PROBLEM —
From the material that follows, count the lines with the word "hyps" in them. Reply with the number only.

DATA SUPPLIED —
━━━━━━━━━━
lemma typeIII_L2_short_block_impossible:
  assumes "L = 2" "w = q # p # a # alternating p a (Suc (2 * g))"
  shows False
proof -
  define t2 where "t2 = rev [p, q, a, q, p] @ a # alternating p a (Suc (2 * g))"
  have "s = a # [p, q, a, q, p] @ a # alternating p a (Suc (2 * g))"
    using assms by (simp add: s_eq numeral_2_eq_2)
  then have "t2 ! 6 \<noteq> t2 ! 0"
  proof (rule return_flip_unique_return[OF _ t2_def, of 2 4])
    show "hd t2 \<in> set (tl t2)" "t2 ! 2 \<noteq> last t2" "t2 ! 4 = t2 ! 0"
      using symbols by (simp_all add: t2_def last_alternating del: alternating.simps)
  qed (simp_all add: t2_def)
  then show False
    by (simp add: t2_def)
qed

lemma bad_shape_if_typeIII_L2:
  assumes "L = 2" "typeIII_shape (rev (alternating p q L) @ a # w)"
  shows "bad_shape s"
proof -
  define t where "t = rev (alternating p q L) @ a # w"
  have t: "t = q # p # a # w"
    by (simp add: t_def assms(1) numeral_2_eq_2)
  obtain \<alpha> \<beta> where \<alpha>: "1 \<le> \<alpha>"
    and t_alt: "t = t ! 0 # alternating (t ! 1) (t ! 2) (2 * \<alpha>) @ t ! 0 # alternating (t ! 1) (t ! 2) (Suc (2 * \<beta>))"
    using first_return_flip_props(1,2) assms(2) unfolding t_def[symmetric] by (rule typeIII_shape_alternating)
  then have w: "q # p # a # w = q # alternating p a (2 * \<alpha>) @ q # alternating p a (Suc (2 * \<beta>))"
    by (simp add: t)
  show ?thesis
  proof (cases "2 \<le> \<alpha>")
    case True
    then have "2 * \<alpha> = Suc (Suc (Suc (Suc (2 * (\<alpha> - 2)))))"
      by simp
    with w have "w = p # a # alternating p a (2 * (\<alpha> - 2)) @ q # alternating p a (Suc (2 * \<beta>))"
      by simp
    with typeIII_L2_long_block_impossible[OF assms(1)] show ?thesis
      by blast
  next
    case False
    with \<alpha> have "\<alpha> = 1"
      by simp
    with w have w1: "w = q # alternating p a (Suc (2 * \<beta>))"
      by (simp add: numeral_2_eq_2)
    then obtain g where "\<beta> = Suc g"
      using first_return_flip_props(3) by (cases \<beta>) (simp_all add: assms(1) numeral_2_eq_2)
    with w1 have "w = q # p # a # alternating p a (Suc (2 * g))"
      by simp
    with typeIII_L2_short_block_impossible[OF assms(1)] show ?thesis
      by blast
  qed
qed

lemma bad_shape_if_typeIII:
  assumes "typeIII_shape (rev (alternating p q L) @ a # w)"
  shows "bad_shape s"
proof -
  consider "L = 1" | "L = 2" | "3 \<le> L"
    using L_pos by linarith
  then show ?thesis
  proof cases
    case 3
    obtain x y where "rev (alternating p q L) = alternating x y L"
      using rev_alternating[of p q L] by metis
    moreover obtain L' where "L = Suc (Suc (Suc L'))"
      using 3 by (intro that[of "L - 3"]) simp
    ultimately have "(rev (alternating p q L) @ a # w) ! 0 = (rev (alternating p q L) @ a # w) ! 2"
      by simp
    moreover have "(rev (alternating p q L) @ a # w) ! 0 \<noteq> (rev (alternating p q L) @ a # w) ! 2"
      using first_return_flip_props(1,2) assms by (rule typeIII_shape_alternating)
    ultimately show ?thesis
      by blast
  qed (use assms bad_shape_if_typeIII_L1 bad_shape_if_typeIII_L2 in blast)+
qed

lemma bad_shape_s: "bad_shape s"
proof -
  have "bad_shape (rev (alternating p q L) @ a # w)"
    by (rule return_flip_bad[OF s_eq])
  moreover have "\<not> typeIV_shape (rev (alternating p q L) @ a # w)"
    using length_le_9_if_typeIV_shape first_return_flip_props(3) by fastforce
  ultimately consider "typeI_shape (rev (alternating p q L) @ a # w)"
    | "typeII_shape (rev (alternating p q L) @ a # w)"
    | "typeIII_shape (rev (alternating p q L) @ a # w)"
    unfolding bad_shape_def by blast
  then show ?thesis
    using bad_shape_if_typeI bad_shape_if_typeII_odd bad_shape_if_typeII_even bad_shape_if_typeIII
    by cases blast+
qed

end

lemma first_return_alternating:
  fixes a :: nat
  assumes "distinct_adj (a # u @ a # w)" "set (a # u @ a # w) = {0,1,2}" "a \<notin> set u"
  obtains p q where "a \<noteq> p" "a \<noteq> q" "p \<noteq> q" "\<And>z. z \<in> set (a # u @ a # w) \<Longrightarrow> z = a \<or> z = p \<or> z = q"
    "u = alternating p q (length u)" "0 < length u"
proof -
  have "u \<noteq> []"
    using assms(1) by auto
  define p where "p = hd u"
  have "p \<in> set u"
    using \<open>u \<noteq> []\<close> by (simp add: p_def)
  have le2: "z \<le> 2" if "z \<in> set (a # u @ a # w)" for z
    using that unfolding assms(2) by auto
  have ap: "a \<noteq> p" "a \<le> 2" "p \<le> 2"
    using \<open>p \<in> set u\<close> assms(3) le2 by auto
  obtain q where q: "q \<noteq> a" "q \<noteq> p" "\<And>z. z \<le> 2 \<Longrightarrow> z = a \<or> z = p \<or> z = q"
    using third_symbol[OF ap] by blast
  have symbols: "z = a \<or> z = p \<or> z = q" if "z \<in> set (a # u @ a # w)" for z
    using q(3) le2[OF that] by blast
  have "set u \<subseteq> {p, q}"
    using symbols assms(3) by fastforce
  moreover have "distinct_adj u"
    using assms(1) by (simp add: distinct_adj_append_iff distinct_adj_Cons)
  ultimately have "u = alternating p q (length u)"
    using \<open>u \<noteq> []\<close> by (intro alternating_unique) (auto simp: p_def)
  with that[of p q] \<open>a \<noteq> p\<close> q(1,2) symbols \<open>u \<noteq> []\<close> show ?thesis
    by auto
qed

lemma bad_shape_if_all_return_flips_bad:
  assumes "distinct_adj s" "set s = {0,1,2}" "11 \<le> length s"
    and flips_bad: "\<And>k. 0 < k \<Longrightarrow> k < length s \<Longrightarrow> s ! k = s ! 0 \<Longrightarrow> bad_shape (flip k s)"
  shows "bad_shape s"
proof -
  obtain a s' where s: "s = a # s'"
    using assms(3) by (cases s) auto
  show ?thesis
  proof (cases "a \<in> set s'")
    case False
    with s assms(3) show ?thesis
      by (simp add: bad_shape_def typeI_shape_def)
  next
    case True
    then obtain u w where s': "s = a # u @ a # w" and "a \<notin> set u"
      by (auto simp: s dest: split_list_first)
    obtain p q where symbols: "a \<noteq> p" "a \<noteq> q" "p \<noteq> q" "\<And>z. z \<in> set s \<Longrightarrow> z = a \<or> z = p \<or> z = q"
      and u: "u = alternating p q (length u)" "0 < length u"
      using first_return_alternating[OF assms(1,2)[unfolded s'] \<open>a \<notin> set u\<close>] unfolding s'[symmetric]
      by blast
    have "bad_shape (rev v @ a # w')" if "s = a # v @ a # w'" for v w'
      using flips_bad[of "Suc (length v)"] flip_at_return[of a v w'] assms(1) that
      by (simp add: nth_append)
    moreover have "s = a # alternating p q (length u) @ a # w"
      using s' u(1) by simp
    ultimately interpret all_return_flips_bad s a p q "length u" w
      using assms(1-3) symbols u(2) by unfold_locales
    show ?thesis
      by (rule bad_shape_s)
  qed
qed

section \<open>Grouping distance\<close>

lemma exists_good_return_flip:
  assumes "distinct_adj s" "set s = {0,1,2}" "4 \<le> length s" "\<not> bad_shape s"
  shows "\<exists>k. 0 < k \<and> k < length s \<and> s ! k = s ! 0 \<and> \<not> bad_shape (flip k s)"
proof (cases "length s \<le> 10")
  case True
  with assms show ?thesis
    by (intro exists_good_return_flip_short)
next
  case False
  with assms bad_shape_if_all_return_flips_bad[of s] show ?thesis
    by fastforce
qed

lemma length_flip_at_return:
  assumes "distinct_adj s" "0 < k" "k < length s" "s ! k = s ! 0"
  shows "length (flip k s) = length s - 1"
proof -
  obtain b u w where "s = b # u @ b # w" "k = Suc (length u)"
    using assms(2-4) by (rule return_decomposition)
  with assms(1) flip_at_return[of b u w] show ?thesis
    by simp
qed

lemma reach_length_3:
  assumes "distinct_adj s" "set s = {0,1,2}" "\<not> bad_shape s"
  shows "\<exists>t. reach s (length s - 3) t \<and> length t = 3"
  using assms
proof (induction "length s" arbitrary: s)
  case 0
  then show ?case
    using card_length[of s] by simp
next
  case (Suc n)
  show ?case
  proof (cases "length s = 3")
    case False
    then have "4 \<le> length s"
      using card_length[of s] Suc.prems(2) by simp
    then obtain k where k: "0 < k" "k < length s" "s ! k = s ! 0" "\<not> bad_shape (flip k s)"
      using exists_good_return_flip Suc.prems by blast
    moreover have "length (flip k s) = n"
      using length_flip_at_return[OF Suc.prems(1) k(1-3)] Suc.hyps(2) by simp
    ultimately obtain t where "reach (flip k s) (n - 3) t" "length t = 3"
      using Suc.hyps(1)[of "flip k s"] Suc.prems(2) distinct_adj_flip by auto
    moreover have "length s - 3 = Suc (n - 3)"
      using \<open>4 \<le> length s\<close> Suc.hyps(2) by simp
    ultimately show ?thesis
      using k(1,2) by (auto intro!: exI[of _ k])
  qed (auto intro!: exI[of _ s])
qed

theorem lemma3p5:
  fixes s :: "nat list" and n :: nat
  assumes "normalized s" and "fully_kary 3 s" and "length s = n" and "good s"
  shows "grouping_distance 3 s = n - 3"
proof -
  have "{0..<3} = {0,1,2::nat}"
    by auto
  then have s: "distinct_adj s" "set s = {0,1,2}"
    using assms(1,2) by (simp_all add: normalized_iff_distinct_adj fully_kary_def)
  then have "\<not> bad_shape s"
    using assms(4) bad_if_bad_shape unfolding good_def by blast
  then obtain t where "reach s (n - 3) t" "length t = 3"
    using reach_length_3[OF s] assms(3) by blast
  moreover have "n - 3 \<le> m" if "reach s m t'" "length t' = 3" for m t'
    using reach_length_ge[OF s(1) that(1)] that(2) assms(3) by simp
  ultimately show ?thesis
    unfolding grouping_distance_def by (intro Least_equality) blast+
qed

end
━━━━━━━━━━
TASK RESPONSE —
3